From looking at the figures and compared to the likely 2015 outcomes, next year's budget for the Department of Jobs, Enterprise and Innovation seems to have been cut by €45 million. This highlights the whole farce of the budgetary process. At midnight last Friday, the Government released a €1.5 billion estimate, effectively the size of this budget, but no coverage was given to it and there wre no live statements in the Dáil. There was no analysis of it, but it will fund many important projects and choices between now and the end of the year. It will be delivered in a haphazard way because of the way the budgetary process works. It is extraordinary that in that context the Government would cut the budget of the Department of Jobs, Enterprise and Innovation by €45 million. It demonstrates the complacency creeping into the Government around employment when we still have 118,600 people in long-term unemployment, a broad jobless rate of 18% and 89,000 people on labour activation schemes. While extra allowances were given yesterday, no extra supports were. We still have a major jobs crisis and challenge, but the Government has decided the Department should have a budget cut. Up to 149,000 third level graduates have left the country since the crisis began. What opportunities are we giving to them to come home? What extra incentives are being offered to those who want to return to their home counties?

I listened to Deputy Catherine Byrne and, like all Fine Gael backbenchers today, her speech was about having a go at Fianna Fáil and Sinn Féin for having no vision, etc. I remind her that the ones who made the most sacrifices were the people who have taken pay cuts, job cuts, service cuts and taxation increases in the past eight years to get to the point where we have a budget that gives a little bit back. To use the Labour Party’s phrase, “Every little helps”. On this occasion, it has actually lived up to it for the first time in five years.

I also remind Deputy Catherine Byrne and all Fine Gael sages on the economy that the political heavy lifting was done by the the late Brian Lenihan and the former Taoiseach, Mr. Brian Cowen, who put €21 billion worth of cuts and extra taxation on the table, all of which measures were opposed by Members opposite at the time who promised they would be either reversed or rescinded. That has not happened. It is unbelievable Government backbenchers can forget that anything happened prior to 2011, as if it had nothing to do with them, or that all of those decisions made between 2008 and 2011 did not contribute to the country’s economic growth.

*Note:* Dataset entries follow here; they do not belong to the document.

(* Let $\mathrm{M}=\langle e_1+I,\ e_2+I\rangle$ and let $$A=\begin{pmatrix}-1&0\\0&1\end{pmatrix},\quad B=\begin{pmatrix}-1&1\\0&1\end{pmatrix},\quad C=\begin{pmatrix}0&1\\1&0\end{pmatrix}.$$ Let $\kappa=(k+K)_\star$ be an element of $\mathrm{Aff}(\mathrm{M})$ such that $K$ has finite order. Then $K$ is conjugate in $\mathrm{GL}(2,\mathbb Z)$ to exactly one of $I,-I,A,C,(BC)^2,AC$ or $BC$. Moreover, with conjugacy of $\kappa$ taken in $\mathrm{Aff}(\mathrm{M})$: (1) If $K=I$ and $\kappa$ has order 2, then $\kappa\in\mathrm{K}_2$ and $\kappa$ is conjugate to $(e_1/2+I)_\star$, where $\mathrm{K}_2=\{I_\star,(e_1/2+I)_\star,(e_2/2+I)_\star,(e_1/2+e_2/2+I)_\star\}$. (2) If $K=-I$, then $\kappa$ is conjugate to $(-I)_\star$. (3) If $K$ is conjugate to $A$ and $\kappa$ has order 2, then $\kappa$ is conjugate to exactly one of $A_\star$ or $(e_2/2+A)_\star$. (4) If $K$ is conjugate to $C$ and $\kappa$ has order 2, then $\kappa$ is conjugate to $C_\star$. (5) If $K$ is conjugate to $(BC)^2$, then $\kappa$ is conjugate to $((BC)^2)_\star$. (6) If $K$ is conjugate to $AC$, then $\kappa$ is conjugate to $(AC)_\star$. (7) If $K$ is conjugate to $BC$, then $\kappa$ is conjugate to $(BC)_\star$.
   Context: $e_1,e_2$ are the standard basis vectors of $E^2$. Affine maps of $E^2$ are written $a+A$ ($x\mapsto a+Ax$); $a+I$ is translation by $a$. The normalizer $N_A(\mathrm{M})$ of $\mathrm{M}$ in the affine group of $E^2$ consists of all $a+A$ with $a\in E^2$, $A\in\mathrm{GL}(2,\mathbb Z)$. Each $a+A\in N_A(\mathrm{M})$ induces an affinity $(a+A)_\star:\mathrm{M}x\mapsto\mathrm{M}(a+Ax)$ of the torus $E^2/\mathrm{M}$; $\mathrm{Aff}(\mathrm{M})$ is the group of all such affinities, and the linear part $K$ of $\kappa=(k+K)_\star$ is well defined. *)

theory Defs
  imports "HOL-Analysis.Analysis"
begin

text \<open>The translation lattice M = <e1+I, e2+I>, i.e. the integer points of E^2.\<close>
definition latt :: "(real^2) set" where
  "latt = {z. \<forall>i. z $ i \<in> \<int>}"

text \<open>The point M x of the torus E^2/M, represented as the coset x + Z^2.\<close>
definition tpt :: "real^2 \<Rightarrow> (real^2) set" where
  "tpt x = {x + z | z. z \<in> latt}"

definition torus :: "(real^2) set set" where
  "torus = range tpt"

definition int_matrix :: "real^2^2 \<Rightarrow> bool" where
  "int_matrix A \<longleftrightarrow> (\<forall>i j. A $ i $ j \<in> \<int>)"

definition GL2Z :: "real^2^2 \<Rightarrow> bool" where
  "GL2Z A \<longleftrightarrow> int_matrix A \<and> invertible A \<and> int_matrix (matrix_inv A)"

text \<open>The induced affinity (a+A)_* : M x \<mapsto> M (a + A x) of the torus.\<close>
definition aff_star :: "real^2 \<Rightarrow> real^2^2 \<Rightarrow> (real^2) set \<Rightarrow> (real^2) set" where
  "aff_star a A = restrict (\<lambda>p. tpt (a + A *v (SOME x. x \<in> p))) torus"

definition Aff :: "((real^2) set \<Rightarrow> (real^2) set) set" where
  "Aff = {aff_star a A | a A. GL2Z A}"

definition aff_conj :: "((real^2) set \<Rightarrow> (real^2) set) \<Rightarrow> ((real^2) set \<Rightarrow> (real^2) set) \<Rightarrow> bool" where
  "aff_conj \<kappa> \<phi> \<longleftrightarrow> (\<exists>\<psi> \<psi>'. \<psi> \<in> Aff \<and> \<psi>' \<in> Aff \<and>
      (\<forall>p\<in>torus. \<psi>' (\<psi> p) = p \<and> \<psi> (\<psi>' p) = p) \<and>
      (\<forall>p\<in>torus. \<kappa> p = \<psi> (\<phi> (\<psi>' p))))"

definition aff_order2 :: "((real^2) set \<Rightarrow> (real^2) set) \<Rightarrow> bool" where
  "aff_order2 \<kappa> \<longleftrightarrow> (\<forall>p\<in>torus. \<kappa> (\<kappa> p) = p) \<and> \<not> (\<forall>p\<in>torus. \<kappa> p = p)"

definition mat_conj :: "real^2^2 \<Rightarrow> real^2^2 \<Rightarrow> bool" where
  "mat_conj K X \<longleftrightarrow> (\<exists>P. GL2Z P \<and> K = P ** X ** matrix_inv P)"

definition mpow :: "real^2^2 \<Rightarrow> nat \<Rightarrow> real^2^2" where
  "mpow K n = (((**) K) ^^ n) (mat 1)"

definition e1 :: "real^2" where "e1 = axis 1 1"
definition e2 :: "real^2" where "e2 = axis 2 1"

definition mA :: "real^2^2" where "mA = vector [vector [-1, 0], vector [0, 1]]"
definition mB :: "real^2^2" where "mB = vector [vector [-1, 1], vector [0, 1]]"
definition mC :: "real^2^2" where "mC = vector [vector [0, 1], vector [1, 0]]"

definition K2 :: "((real^2) set \<Rightarrow> (real^2) set) set" where
  "K2 = {aff_star 0 (mat 1), aff_star ((1/2) *\<^sub>R e1) (mat 1),
         aff_star ((1/2) *\<^sub>R e2) (mat 1), aff_star ((1/2) *\<^sub>R e1 + (1/2) *\<^sub>R e2) (mat 1)}"

end

theory Submission
  imports Defs
begin

text \<open>
  Write \<open>t\<close> and \<open>\<delta> = \<plusminus>1\<close> for trace and determinant of \<open>K \<in> GL(2,\<int>)\<close>. By Cayley--Hamilton,
  \<open>K\<^sup>n = U\<^sub>n K - \<delta> U\<^sub>n\<^sub>-\<^sub>1 I\<close> with the Lucas sequence \<open>U\<close> of \<open>(t, \<delta>)\<close>. If \<open>U\<^sub>n \<noteq> 0\<close>, then
  \<open>K\<^sup>n = I\<close> forces \<open>K = \<plusminus>I\<close>; and \<open>U\<^sub>n\<close> grows in absolute value, so it never returns to \<open>0\<close>,
  unless \<open>\<delta> = -1, t = 0\<close> or \<open>\<delta> = 1, |t| \<le> 1\<close>.
  For these, a Euclidean reduction by shears and the swap of coordinates conjugates \<open>K\<close> to one of
  the seven normal forms, which are told apart by trace and determinant, and \<open>A\<close> from \<open>C\<close> by
  the parity of the determinant of a would-be conjugator.

  Conjugating \<open>(k + K)\<^sub>\<star>\<close> by \<open>(P s + P)\<^sub>\<star>\<close> with \<open>K P = P X\<close> changes \<open>P\<^sup>-\<^sup>1 k\<close> by \<open>(I - X) s\<close>
  modulo \<open>\<int>\<^sup>2\<close>. If \<open>I - X\<close> is invertible the translation part disappears. Otherwise the order-2
  condition \<open>k + K k \<in> \<int>\<^sup>2\<close> leaves only half-lattice translations, and \<open>A\<^sub>\<star>\<close> is separated
  from \<open>(e\<^sub>2/2 + A)\<^sub>\<star>\<close> by having a fixed point.
\<close>

section \<open>Integral conjugacy\<close>

lemma matrix_inv_unique:
  fixes A :: "'a::semiring_1^'n^'m" and B :: "'a^'m^'n"
  assumes "A ** B = mat 1" "B ** A = mat 1"
  shows "matrix_inv A = B"
proof -
  have inv: "A ** matrix_inv A = mat 1 \<and> matrix_inv A ** A = mat 1"
    unfolding matrix_inv_def by (rule someI[of _ B]) (use assms in blast)
  have "matrix_inv A = matrix_inv A ** (A ** B)" using assms(1) by simp
  also have "\<dots> = B" using inv by (simp add: matrix_mul_assoc)
  finally show ?thesis .
qed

There are significant opportunities and we must ensure we do not return to a situation like that in 2001 and 2002 when the economy grew but we did not have the capacity to provide opportunities. That is why I welcome the apprenticeship programme and why we need to ramp it up further. We need to ensure the silos that in the past affected proper apprentice and training programmes between the Department of Education and Skills, the Department of Jobs, Enterprise and Innovation and various other Departments and agencies are knocked down and do not get in the way of people availing of the opportunities that are coming.

It would be churlish for the Government to pat itself on the back, thinking it is all done and dusted. There is still a long hard road to travel. There was nothing in the budget for those on the variable rate mortgages, despite a promise made by the Minister of Finance, Deputy Michael Noonan, last May. Nothing has been given in so many areas of social care. People with dementia got nothing yesterday, about which the Alzheimer Society of Ireland was critical today. Choices were made that ignored people in distress and severe circumstances. The Government will have to answer for these choices, not in the next few weeks but certainly in the next few months.

As we move into 2016 and the commemoration of the 1916 Rising, is this a budget that befits that commemoration? If the commemoration is to be show time, with parties on the street, yes, it is a budget that will suit that kind of atmosphere. If it is a commemoration that will actually live up to the ideals of the Proclamation, restate and recast the country as the kind envisaged by those who gave their lives, it fails miserably. I hope this commemoration does a lot better.